(* (Explicit Rayleigh's Cutting Law.) Let $\Gamma$ be a metrized graph and let $e_i$ be an edge of $\Gamma$ with end points $p_i,q_i$ and length $L_i$. If $e_i$ is not a bridge of $\Gamma$, then for any $s,t\in\Gamma-e_i$, $$r(s,t)=r_{\Gamma-e_i}(s,t)-\frac{1}{L_i+R_i}\big(j^{\Gamma-e_i}_{p_i}(q_i,s)-j^{\Gamma-e_i}_{p_i}(q_i,t)\big)^2=r_{\Gamma-e_i}(s,t)-\frac{L_i+R_i}{L_i^2}\big(j_{p_i}(q_i,s)-j_{p_i}(q_i,t)\big)^2.$$ In particular $r_{\Gamma-e_i}(s,t)\ge r(s,t)$, and equality holds if and only if $j_{p_i}(q_i,s)=j_{p_i}(q_i,t)$.
   Context: A metrized graph $\Gamma$ is a finite connected graph (multiple edges and self-loops allowed) in which each edge is identified with a closed line segment of positive length. $\Gamma$ is regarded as a resistive electric circuit in which each edge is a resistor whose resistance equals its length. $r(x,y)$ is the effective resistance between $x$ and $y$; $j_z(x,y)$ is the voltage at $x$ when a unit current enters at $y$ and exits at $z$, with reference voltage $0$ at $z$. $\Gamma-e_i$ denotes the metrized graph obtained from $\Gamma$ by deleting the interior of the edge $e_i$; $e_i$ is a bridge if $\Gamma-e_i$ is disconnected. When $e_i$ is not a bridge, $R_i:=r_{\Gamma-e_i}(p_i,q_i)$. Subscripts/superscripts $\Gamma-e_i$ indicate resistance and voltage functions on $\Gamma-e_i$. *)

theory Defs
  imports Complex_Main
begin

text \<open>A metrized graph: finite vertex set, finite edge set, each edge with two
  end points (possibly equal: self-loop) and a positive length.  Multiple edges allowed.\<close>

record ('v, 'e) mgraph =
  verts :: "'v set"
  edges :: "'e set"
  ends  :: "'e \<Rightarrow> 'v \<times> 'v"
  len   :: "'e \<Rightarrow> real"

text \<open>Points of a metrized graph: a vertex, or an interior point of an edge e at
  distance t (0 < t < length) from the first end point of e.\<close>

datatype ('v, 'e) point = Vert 'v | Inner 'e real

definition edge_pt :: "('v, 'e, 'z) mgraph_scheme \<Rightarrow> 'e \<Rightarrow> real \<Rightarrow> ('v, 'e) point" where
  "edge_pt G e t =
     (if t \<le> 0 then Vert (fst (ends G e))
      else if len G e \<le> t then Vert (snd (ends G e))
      else Inner e t)"

definition pts :: "('v, 'e, 'z) mgraph_scheme \<Rightarrow> ('v, 'e) point set" where
  "pts G = Vert ` verts G \<union> {Inner e t | e t. e \<in> edges G \<and> 0 < t \<and> t < len G e}"

definition adj :: "('v, 'e, 'z) mgraph_scheme \<Rightarrow> ('v \<times> 'v) set" where
  "adj G = {ends G e | e. e \<in> edges G} \<union> {prod.swap (ends G e) | e. e \<in> edges G}"

definition connected_mg :: "('v, 'e, 'z) mgraph_scheme \<Rightarrow> bool" where
  "connected_mg G \<longleftrightarrow> (\<forall>u\<in>verts G. \<forall>v\<in>verts G. (u, v) \<in> (adj G)\<^sup>*)"

definition metrized_graph :: "('v, 'e, 'z) mgraph_scheme \<Rightarrow> bool" where
  "metrized_graph G \<longleftrightarrow>
     finite (verts G) \<and> verts G \<noteq> {} \<and> finite (edges G) \<and>
     (\<forall>e\<in>edges G. fst (ends G e) \<in> verts G \<and> snd (ends G e) \<in> verts G \<and> 0 < len G e) \<and>
     connected_mg G"

definition delete_edge :: "('v, 'e, 'z) mgraph_scheme \<Rightarrow> 'e \<Rightarrow> ('v, 'e, 'z) mgraph_scheme" where
  "delete_edge G e = G\<lparr>edges := edges G - {e}\<rparr>"

definition is_bridge :: "('v, 'e, 'z) mgraph_scheme \<Rightarrow> 'e \<Rightarrow> bool" where
  "is_bridge G e \<longleftrightarrow> e \<in> edges G \<and> \<not> connected_mg (delete_edge G e)"

text \<open>f is affine along every edge on every closed parameter interval containing no
  point of B in its interior (so piecewise linear with break points only at B and vertices).\<close>

definition pl_adapted :: "('v, 'e, 'z) mgraph_scheme \<Rightarrow> ('v, 'e) point set \<Rightarrow> (('v, 'e) point \<Rightarrow> real) \<Rightarrow> bool" where
  "pl_adapted G B f \<longleftrightarrow>
     (\<forall>e\<in>edges G. \<forall>a b. 0 \<le> a \<and> a < b \<and> b \<le> len G e \<and>
        (\<forall>t. a < t \<and> t < b \<longrightarrow> edge_pt G e t \<notin> B) \<longrightarrow>
        (\<exists>\<alpha> \<beta>. \<forall>t\<in>{a..b}. f (edge_pt G e t) = \<alpha> + \<beta> * t))"

definition right_slope :: "(real \<Rightarrow> real) \<Rightarrow> real \<Rightarrow> real" where
  "right_slope g t = (THE d. (g has_real_derivative d) (at_right t))"

definition left_slope :: "(real \<Rightarrow> real) \<Rightarrow> real \<Rightarrow> real" where
  "left_slope g t = (THE d. (g has_real_derivative d) (at_left t))"

text \<open>Sum of the outgoing directional derivatives of f at the point p
  (= minus the net current flowing out of p into the edges, resistance = length).\<close>

definition flux :: "('v, 'e, 'z) mgraph_scheme \<Rightarrow> (('v, 'e) point \<Rightarrow> real) \<Rightarrow> ('v, 'e) point \<Rightarrow> real" where
  "flux G f p =
     (\<Sum>e\<in>edges G. \<Sum>t\<in>{t\<in>{0..len G e}. edge_pt G e t = p}.
        (if t < len G e then right_slope (\<lambda>u. f (edge_pt G e u)) t else 0)
      - (if 0 < t then left_slope (\<lambda>u. f (edge_pt G e u)) t else 0))"

text \<open>f is the voltage when unit current enters at y and exits at z, with f z = 0
  (continuous, piecewise linear, Kirchhoff's current law everywhere).\<close>

definition voltage_sol :: "('v, 'e, 'z) mgraph_scheme \<Rightarrow> ('v, 'e) point \<Rightarrow> ('v, 'e) point \<Rightarrow> (('v, 'e) point \<Rightarrow> real) \<Rightarrow> bool" where
  "voltage_sol G y z f \<longleftrightarrow>
     pl_adapted G {y, z} f \<and>
     (\<forall>p\<in>pts G. flux G f p = (if p = z then 1 else 0) - (if p = y then 1 else 0)) \<and>
     f z = 0 \<and> (\<forall>p. p \<notin> pts G \<longrightarrow> f p = 0)"

text \<open>jv G z x y = j_z(x,y): voltage at x, unit current enters at y, exits at z, voltage 0 at z.\<close>

definition jv :: "('v, 'e, 'z) mgraph_scheme \<Rightarrow> ('v, 'e) point \<Rightarrow> ('v, 'e) point \<Rightarrow> ('v, 'e) point \<Rightarrow> real" where
  "jv G z x y = (THE f. voltage_sol G y z f) x"

definition res :: "('v, 'e, 'z) mgraph_scheme \<Rightarrow> ('v, 'e) point \<Rightarrow> ('v, 'e) point \<Rightarrow> real" where
  "res G x y = jv G y x x"

end

(*
  Everything is reduced to finite linear algebra on a subdivision of the graph in which the
  points under consideration are nodes.  A potential that is affine between consecutive nodes
  satisfies Kirchhoff's law exactly when its discrete Laplacian (the sum of outgoing slopes at
  each node) is the prescribed dipole.  Green's identity, sum of w * lap f = - energy (f, w),
  gives uniqueness on a connected graph (hence existence, injective square systems being
  surjective), the reciprocity j_z(x, y) = j_z(y, x), and r >= 0.

  Cutting e = pq changes the Laplacian at p and q only by the slope (f q - f p) / L along e.  Let g be
  the potential of G - e driven from s to t and h that driven from q to p, so h q = R.  Then
  g + I (h - h t) is the potential of G driven from s to t as soon as the current I through e
  balances, which forces I = (g p - g q) / (L + R) = (h t - h s) / (L + R) by reciprocity;
  evaluating at s gives r(s, t) = r'(s, t) - (h s - h t)^2 / (L + R).  In the same way
  L / (L + R) * h is the potential of G driven from q to p, which turns the first formula
  into the second.
*)
theory Submission
  imports Defs "Jordan_Normal_Form.Determinant"
begin

section \<open>Square linear systems\<close>

lemma mult_mat_vec_surj_if_inj:
  fixes M :: "'a :: field mat"
  assumes M: "M \<in> carrier_mat k k"
    and inj: "\<And>x. x \<in> carrier_vec k \<Longrightarrow> M *\<^sub>v x = 0\<^sub>v k \<Longrightarrow> x = 0\<^sub>v k"
    and b: "b \<in> carrier_vec k"
  shows "\<exists>x \<in> carrier_vec k. M *\<^sub>v x = b"
proof -
  have "det M \<noteq> 0" using det_0_iff_vec_prod_zero[OF M] inj by blast
  from det_non_zero_imp_unit[OF M this, of undefined]
  obtain B where B: "B \<in> carrier_mat k k" "M * B = 1\<^sub>m k"
    unfolding Units_def ring_mat_def by auto
  show ?thesis
  proof (intro bexI)
    show "M *\<^sub>v (B *\<^sub>v b) = b" using B M b
      by (metis assoc_mult_mat_vec one_mult_mat_vec)
    show "B *\<^sub>v b \<in> carrier_vec k" using B b by auto
  qed
qed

ACTION ITEM ::
Scan the entries for lines with the word "only". The number of such lines is the whole answer.

RESULT ::
3